A fourteen-day follow-up further revealed the efficacy of the drug. In the indomethacin arm, nearly 50% of patients had fully recovered compared to 28% in the paracetamol arm. The major complaint of the 50% of patients who took indomethacin was tiredness. In addition, only 14% of the patients had myalgia, while 10% complained of joint pain. On the other hand, in the paracetamol arm, the recovery was slower, with 47% complaining of myalgia, 48% of tiredness, 39% of joint pain, and 33% complaining of other ailments.

Alkotaji et al.29 had hypothesised the importance of indomethacin in reducing cough and myalgia through its inhibitive action on bradykinin, and the mechanism and ill-effects of bradykinin are well documented.
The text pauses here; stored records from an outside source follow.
theorem lemma2p11:
  fixes s :: "'a::ring_1" and A :: "'a m2"
  assumes "local_ring TYPE('a)" and "central s"
  shows "m2_strongly_clean s A \<longleftrightarrow>
    (m2_unit s A
     \<or> m2_unit s (m2sub m2one A)
     \<or> (is_unit s \<and> (\<exists>v w. v - 1 \<in> jacobson \<and> w \<in> jacobson \<and> m2_similar s A (M2 w 0 0 v)))
     \<or> (s \<in> jacobson \<and> (\<exists>v w. v - 1 \<in> jacobson \<and> w \<in> jacobson \<and>
            (m2_similar s A (M2 v 0 0 w) \<or> m2_similar s A (M2 w 0 0 v)))))"
    (is "_ \<longleftrightarrow> ?cases")
proof
  assume "m2_strongly_clean s A"
  then have "m2_unit s A \<or> m2_unit s (m2sub m2one A) \<or>
    (\<exists>v w. v - 1 \<in> jacobson \<and> w \<in> jacobson \<and>
      (m2_similar s A (M2 v 0 0 w) \<or> m2_similar s A (M2 w 0 0 v)))"
    using m2_strongly_clean_cases assms by blast
  moreover have "is_unit s \<or> s \<in> jacobson" using is_unit_iff_notin_jacobson[OF assms(1)] by blast
  moreover have "m2_similar s A (M2 w 0 0 v)"
    if "is_unit s" "m2_similar s A (M2 v 0 0 w)" for v w
    using that m2_similar_trans[OF assms(2)] m2_similar_diag_swap[OF assms(2)] by blast
  ultimately show ?cases by blast
next
  assume ?cases
  then show "m2_strongly_clean s A"
    using m2_strongly_clean_if_unit m2_strongly_clean_if_unit_one_minus[OF assms(2)]
      m2_strongly_clean_if_similar_diag[OF assms(2)] by blast
qed

end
The theory proposed in this study explains the difference in symptomatic relief between the two groups.

We had hypothesised that early symptomatic relief is vital for recovery and prevents desaturation. However, 17 of the 20 patients who were desaturated in the paracetamol arm had fever beyond seven days, and eleven had cough beyond seven days. None in the indomethacin arm was desaturated. This was also reflected in the fourteenth-day state of the patients.

The viral load reduction was better for indomethacin. However, the difference was not significant. Therefore, seven days may be too early for an RT-PCR test.

Limitation of the study

The limitation of the study is that indomethacin was administered with standard care and not as a stand-alone treatment. With this result, indomethacin may be tried as a stand-alone treatment. In addition, this is not a double-blinded study. The trial involved only hospitalized patients and not under home isolation.

Conclusions

Indomethacin use alongside standard treatment protocol in hospitalised covid-19 patients was associated with significant symptomatic relief and improved oxygen saturation level. Twenty of the 107 patients were desaturated in the paracetamol group, while out of 103 patients none in the indomethacin group was desaturated. The median days for the patients in the indomethacin group to become afebrile was three, while for those in the paracetamol group was seven days. The median days for the resolution of cough and myalgia for the indomethacin group was four days, while it was seven days for the paracetamol group.

We did not observe any adverse effects.

Supplementary data

Anonymised patient data are given in supplementary data file 1. If further data is required, please contact the corresponding author.